Problem description:
In the entries that follow, find the line containing "by (rule sum_telescope_Suc[OF"; from there, copy every line exactly through the line containing "(Suc j) - s".
* * * * * * *
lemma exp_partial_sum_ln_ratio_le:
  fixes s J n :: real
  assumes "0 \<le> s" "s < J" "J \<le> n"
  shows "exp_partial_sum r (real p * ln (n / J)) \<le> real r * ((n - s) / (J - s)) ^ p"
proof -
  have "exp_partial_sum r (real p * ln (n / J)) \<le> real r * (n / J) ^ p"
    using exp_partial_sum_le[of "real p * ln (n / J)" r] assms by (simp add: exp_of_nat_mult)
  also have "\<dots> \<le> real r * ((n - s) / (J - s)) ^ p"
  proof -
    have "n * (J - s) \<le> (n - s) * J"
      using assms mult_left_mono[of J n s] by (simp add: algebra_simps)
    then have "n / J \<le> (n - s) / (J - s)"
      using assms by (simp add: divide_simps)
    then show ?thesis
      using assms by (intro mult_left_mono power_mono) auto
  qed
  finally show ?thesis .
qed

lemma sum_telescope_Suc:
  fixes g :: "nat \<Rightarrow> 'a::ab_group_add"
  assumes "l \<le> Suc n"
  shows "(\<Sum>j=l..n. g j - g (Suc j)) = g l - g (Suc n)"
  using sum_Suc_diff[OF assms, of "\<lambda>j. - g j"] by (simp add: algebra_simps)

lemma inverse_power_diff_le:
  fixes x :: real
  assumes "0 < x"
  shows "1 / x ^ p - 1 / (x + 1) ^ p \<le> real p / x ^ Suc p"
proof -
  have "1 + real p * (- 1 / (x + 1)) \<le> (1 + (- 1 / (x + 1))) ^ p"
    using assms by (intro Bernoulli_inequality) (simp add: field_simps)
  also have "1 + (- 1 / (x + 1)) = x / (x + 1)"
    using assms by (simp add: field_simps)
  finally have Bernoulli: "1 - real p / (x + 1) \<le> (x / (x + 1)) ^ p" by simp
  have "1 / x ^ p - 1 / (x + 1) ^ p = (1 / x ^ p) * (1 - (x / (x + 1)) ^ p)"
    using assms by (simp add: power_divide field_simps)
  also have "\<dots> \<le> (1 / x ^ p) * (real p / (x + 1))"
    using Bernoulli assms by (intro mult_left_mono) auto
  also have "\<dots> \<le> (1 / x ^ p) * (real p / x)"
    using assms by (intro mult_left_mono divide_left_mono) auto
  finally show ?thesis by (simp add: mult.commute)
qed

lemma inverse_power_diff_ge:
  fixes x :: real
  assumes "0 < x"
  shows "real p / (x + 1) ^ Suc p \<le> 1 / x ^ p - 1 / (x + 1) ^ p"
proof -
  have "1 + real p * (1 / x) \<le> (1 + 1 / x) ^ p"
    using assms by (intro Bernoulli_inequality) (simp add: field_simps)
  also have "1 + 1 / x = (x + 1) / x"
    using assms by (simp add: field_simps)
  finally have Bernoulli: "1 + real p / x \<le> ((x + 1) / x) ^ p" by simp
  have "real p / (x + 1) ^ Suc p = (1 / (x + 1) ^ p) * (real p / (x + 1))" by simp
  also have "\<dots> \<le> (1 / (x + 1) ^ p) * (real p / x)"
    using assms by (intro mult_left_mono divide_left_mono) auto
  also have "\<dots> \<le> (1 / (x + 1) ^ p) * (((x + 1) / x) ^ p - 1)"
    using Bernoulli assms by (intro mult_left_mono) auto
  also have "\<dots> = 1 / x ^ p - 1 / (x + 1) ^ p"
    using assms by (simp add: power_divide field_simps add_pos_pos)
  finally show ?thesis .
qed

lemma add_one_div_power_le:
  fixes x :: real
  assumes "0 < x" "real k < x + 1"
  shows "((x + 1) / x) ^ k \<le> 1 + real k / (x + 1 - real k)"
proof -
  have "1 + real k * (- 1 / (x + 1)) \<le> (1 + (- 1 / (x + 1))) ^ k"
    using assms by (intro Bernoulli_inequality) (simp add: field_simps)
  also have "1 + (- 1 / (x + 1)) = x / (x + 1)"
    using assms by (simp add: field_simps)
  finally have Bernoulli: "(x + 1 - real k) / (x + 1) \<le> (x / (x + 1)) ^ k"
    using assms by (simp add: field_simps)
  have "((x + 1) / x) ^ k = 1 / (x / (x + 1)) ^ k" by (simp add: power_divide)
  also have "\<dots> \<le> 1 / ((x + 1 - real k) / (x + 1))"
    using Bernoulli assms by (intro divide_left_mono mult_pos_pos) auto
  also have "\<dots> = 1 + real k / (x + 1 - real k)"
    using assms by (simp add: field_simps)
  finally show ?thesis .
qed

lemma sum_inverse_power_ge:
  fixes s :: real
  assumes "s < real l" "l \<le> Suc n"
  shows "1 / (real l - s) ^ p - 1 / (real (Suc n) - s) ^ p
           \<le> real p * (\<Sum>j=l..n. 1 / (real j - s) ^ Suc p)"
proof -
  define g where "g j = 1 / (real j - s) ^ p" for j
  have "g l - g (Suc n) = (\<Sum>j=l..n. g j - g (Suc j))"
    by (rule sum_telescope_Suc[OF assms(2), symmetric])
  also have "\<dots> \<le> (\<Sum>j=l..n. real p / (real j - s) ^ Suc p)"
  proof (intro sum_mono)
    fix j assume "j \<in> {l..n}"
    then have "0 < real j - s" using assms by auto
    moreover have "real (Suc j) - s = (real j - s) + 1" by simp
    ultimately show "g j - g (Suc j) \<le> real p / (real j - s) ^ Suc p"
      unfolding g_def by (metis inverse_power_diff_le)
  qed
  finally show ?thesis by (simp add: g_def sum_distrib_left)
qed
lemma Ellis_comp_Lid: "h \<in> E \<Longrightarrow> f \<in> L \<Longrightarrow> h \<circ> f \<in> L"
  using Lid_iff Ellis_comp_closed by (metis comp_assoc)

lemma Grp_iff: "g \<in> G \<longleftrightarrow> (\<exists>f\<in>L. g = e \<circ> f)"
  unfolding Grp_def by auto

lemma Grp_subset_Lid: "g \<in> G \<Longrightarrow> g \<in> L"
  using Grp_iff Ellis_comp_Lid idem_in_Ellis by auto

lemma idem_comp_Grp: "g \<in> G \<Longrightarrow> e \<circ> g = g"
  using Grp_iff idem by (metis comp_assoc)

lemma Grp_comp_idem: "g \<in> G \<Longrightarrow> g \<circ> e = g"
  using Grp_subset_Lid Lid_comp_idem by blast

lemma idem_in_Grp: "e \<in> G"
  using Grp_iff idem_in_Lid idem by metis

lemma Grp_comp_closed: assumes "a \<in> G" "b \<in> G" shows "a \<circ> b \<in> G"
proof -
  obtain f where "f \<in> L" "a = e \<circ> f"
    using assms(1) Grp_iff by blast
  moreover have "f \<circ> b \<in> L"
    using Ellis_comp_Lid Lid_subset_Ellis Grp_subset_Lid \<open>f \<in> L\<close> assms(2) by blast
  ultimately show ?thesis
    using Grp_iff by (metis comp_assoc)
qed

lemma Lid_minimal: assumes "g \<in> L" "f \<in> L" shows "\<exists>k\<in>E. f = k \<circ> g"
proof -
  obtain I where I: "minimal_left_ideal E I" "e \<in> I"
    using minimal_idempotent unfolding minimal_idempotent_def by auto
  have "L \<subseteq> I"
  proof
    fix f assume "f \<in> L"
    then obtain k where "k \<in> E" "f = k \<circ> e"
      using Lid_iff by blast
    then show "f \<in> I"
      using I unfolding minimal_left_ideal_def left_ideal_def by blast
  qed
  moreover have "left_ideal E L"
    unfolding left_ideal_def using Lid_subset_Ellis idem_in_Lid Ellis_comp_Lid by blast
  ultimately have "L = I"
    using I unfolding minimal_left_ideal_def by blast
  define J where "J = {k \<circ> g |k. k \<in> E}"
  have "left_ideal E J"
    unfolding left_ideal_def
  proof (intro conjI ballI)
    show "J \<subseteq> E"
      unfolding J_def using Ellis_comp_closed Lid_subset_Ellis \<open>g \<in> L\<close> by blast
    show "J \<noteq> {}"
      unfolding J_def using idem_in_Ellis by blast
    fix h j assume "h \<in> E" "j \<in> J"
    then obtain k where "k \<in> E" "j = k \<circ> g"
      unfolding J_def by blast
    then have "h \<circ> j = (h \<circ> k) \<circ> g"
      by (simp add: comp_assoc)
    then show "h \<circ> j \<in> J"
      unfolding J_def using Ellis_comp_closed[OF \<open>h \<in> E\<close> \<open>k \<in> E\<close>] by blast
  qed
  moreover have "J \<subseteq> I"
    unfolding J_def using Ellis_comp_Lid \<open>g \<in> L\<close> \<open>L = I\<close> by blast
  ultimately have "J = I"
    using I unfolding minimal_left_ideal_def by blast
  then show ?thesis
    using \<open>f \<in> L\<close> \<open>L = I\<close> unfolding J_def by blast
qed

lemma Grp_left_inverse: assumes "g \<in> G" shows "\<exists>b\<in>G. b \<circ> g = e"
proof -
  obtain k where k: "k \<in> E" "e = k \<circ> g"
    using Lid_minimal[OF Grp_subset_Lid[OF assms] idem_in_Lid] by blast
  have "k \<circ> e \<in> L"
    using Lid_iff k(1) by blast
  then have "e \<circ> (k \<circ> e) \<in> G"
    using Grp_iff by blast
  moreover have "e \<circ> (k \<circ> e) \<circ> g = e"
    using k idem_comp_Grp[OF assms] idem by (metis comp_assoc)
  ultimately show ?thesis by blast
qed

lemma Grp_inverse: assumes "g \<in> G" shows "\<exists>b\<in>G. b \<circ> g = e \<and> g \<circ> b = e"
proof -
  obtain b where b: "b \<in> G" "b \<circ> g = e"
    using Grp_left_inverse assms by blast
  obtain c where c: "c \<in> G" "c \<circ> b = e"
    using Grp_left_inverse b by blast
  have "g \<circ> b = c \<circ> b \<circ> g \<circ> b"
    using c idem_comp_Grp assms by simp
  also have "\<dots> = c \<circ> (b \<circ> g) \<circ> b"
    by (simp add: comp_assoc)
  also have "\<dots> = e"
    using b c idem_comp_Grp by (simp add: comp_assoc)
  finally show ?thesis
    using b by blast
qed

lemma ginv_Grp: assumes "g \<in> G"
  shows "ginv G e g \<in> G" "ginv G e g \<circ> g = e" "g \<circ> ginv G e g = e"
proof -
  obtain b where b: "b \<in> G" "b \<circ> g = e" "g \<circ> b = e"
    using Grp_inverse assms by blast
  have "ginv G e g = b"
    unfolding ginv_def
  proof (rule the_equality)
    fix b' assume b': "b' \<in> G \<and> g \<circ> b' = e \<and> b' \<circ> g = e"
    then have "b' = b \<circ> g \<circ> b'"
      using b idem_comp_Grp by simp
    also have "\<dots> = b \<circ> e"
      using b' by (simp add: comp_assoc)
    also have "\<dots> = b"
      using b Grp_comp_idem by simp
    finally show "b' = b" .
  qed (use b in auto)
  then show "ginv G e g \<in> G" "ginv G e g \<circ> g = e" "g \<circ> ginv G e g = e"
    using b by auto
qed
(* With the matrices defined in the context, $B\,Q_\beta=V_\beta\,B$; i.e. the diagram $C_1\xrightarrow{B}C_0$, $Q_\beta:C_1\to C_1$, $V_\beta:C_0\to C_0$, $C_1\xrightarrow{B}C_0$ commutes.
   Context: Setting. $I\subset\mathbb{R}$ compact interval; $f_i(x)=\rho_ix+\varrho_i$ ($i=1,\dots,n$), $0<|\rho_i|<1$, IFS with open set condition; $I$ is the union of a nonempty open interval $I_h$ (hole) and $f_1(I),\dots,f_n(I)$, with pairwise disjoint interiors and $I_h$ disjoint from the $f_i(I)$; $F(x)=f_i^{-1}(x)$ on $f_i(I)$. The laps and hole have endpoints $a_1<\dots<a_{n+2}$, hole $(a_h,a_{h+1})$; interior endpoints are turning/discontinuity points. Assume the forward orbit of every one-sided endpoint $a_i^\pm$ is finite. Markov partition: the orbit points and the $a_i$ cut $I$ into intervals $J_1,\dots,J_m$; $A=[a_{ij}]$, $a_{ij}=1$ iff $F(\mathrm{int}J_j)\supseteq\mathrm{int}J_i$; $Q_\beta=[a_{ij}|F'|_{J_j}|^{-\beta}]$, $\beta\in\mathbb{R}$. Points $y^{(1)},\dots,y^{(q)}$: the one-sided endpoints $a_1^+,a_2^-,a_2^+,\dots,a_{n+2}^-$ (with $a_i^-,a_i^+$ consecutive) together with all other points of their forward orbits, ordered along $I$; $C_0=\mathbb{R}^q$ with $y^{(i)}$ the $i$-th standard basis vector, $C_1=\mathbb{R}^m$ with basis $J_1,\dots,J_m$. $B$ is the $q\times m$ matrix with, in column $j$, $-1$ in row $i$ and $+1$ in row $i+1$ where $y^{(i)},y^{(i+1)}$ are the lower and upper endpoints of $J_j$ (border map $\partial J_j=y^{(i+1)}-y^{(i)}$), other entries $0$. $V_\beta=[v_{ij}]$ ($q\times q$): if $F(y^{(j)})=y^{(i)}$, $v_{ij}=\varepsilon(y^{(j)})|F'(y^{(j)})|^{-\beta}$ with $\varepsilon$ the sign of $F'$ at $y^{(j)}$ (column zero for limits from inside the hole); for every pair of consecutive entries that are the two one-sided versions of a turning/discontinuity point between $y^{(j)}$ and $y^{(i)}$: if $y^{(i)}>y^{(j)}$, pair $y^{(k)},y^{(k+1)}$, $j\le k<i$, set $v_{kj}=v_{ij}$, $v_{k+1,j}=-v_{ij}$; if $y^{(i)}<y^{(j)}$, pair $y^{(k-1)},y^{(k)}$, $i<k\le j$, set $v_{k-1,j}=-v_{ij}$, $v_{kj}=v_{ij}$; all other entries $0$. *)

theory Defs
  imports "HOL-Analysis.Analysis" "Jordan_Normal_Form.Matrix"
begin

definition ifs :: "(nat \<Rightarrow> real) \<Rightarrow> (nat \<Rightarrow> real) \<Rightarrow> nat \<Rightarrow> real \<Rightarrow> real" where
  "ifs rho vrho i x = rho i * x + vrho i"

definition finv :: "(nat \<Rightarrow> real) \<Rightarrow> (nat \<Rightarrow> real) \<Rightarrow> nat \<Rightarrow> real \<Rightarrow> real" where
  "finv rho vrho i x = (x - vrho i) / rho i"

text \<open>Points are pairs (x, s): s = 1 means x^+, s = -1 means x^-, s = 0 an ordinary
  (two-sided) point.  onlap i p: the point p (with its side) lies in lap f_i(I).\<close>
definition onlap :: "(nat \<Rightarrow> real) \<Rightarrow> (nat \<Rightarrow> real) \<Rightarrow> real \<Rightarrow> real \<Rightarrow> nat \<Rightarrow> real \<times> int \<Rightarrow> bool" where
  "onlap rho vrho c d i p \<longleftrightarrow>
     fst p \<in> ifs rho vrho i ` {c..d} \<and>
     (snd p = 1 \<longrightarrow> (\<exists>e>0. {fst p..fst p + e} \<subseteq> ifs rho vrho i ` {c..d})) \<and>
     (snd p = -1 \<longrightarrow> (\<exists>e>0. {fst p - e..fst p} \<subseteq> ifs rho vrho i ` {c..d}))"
* * * * * * *
Your response:
    by (rule sum_telescope_Suc[OF assms(2), symmetric])
  also have "\<dots> \<le> (\<Sum>j=l..n. real p / (real j - s) ^ Suc p)"
  proof (intro sum_mono)
    fix j assume "j \<in> {l..n}"
    then have "0 < real j - s" using assms by auto
    moreover have "real (Suc j) - s = (real j - s) + 1" by simp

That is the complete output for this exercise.